In response to the COVID-19 pandemic, a team at the University of Cambridge has designed an open-source ventilator in partnership with local clinicians, engineers and manufacturers across Africa that is focused to address the specific needs for treating COVID-19 patients and is a fully functioning system for use after the pandemic.
Critical to this project has been the speed of technology development.Professor Robert Miller
Built primarily for use in low- and middle-income countries, the OVSI ventilator can be cheaply and quickly manufactured from readily available components. Current ventilators are expensive and difficult to fix, but an open-source design will allow users to adapt and fix the ventilators according to their needs and, by using readily available components, the machines can be built quickly across Africa in large numbers. The cost per device is estimated to be around one-tenth of currently available commercial systems.
The first ventilators will be delivered in May by a team of South Africa-based companies led by Defy, a leading southern African manufacturer of domestic appliances, and Denel, a major state-owned company.
Recent tentative estimates published by the WHO have suggested that there could be as many as 10 million cases of COVID-19 in Africa within three to six months, resulting in anywhere between 300,000 and 3.3 million deaths. There are 10 countries in Africa that do not have any ventilators at all and according to the WHO, it is estimated that there are fewer than 2,000 working ventilators across 41 countries in Africa.

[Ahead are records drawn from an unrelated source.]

lemma left_mod_iso_right_mult:
  fixes L (structure)
  assumes "ring L" and p: "p \<in> carrier L" and e: "e \<in> carrier L" and ep: "e \<otimes> p = p"
    and cancel: "\<And>z. z \<in> carrier L \<Longrightarrow> (z \<otimes> e) \<otimes> p = \<zero> \<Longrightarrow> z \<otimes> e = \<zero>"
    and S: "S \<subseteq> carrier L"
  shows "left_mod_iso L S {b \<otimes> e | b. b \<in> S} {b \<otimes> p | b. b \<in> S}"
proof -
  interpret ring L by fact
  have "inj_on (\<lambda>x. x \<otimes> p) ((\<lambda>b. b \<otimes> e) ` S)"
  proof (rule inj_onI, elim imageE)
    fix x y b1 b2
    assume eq: "x \<otimes> p = y \<otimes> p" and x: "x = b1 \<otimes> e" "b1 \<in> S" and y: "y = b2 \<otimes> e" "b2 \<in> S"
    then have b: "b1 \<in> carrier L" "b2 \<in> carrier L"
      using S by auto
    have "((b1 \<ominus> b2) \<otimes> e) \<otimes> p = x \<otimes> p \<ominus> y \<otimes> p"
      using b p e by (simp add: x y a_minus_def l_distr l_minus m_assoc)
    then have "(b1 \<ominus> b2) \<otimes> e = \<zero>"
      using eq b p e by (intro cancel) (simp_all add: x y)
    then have "x \<ominus> y = \<zero>"
      using b e by (simp add: x y a_minus_def l_distr l_minus)
    then show "x = y"
      using b e by (simp add: x y)
  qed
  moreover have "(\<lambda>x. x \<otimes> p) ` (\<lambda>b. b \<otimes> e) ` S = (\<lambda>b. b \<otimes> p) ` S"
    using S p e ep by (auto simp: image_image m_assoc subset_iff)
  moreover have "(x \<oplus> y) \<otimes> p = x \<otimes> p \<oplus> y \<otimes> p" and "(b \<otimes> x) \<otimes> p = b \<otimes> (x \<otimes> p)"
    if "x \<in> (\<lambda>b. b \<otimes> e) ` S" "y \<in> (\<lambda>b. b \<otimes> e) ` S" "b \<in> S" for x y b
    using that S p e by (auto simp: l_distr m_assoc subset_iff)
  ultimately show ?thesis
    unfolding left_mod_iso_def setcompr_eq_image Collect_mem_eq bij_betw_def by blast
qed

“Fulfilling the unique requirements of local clinicians was key to this project,” said Professor Axel Zeitler from the Department of Chemical Engineering and Biotechnology, and OVSI team lead. “Clinicians told us the ventilator needed to cover the wide spectrum of patient ventilation requirements, and therefore work in three modes – non-invasive, mandatory or patient-triggered ventilation.
“We also know that oxygen availability varies within countries, hospitals and wards. The system must use the smallest amount of oxygen possible, but include the potential to add an oxygen concentrator.”
The Open Ventilator System Initiative is a consortium of academics, engineers, intensive care medics, innovators and industry partners across the UK and Africa. Formed in March this year, the initiative has grown quickly from an initial idea at the University of Cambridge to a team of 60 individuals contributing remotely.
The team is being advised by a panel of clinical experts including physicians in Uganda, Kenya, the DRC, South Africa and the UK. The clinical partnerships were established with the support of the Cambridge-Africa programme and Cambridge Global Health Partnerships. The ventilator was designed and built by a team based at the University of Cambridge’s Whittle Laboratory.
“Critical to this project has been the speed of technology development,” said Professor Robert Miller, Director of the Whittle Laboratory. “In recent years, the primary focus of the Whittle Laboratory has been to accelerate the process of technology development. By merging the digital and physical systems integral to the technology development process and by using Formula One-style teams, we’ve cut the amount of time this takes by a factor of 10 to 100. This capability has been key to delivering the OVSI ventilator.”
The prototype is currently being developed further into a version that can be easily mass-produced by Prodrive Ltd, a British motorsport and advanced engineering group based in Banbury, Oxfordshire. It has been thoroughly tested at the National Physical Laboratory in Teddington and passed the MHRA test specifications with flying colours. The OVSI team is currently working on securing regulatory approval for the device.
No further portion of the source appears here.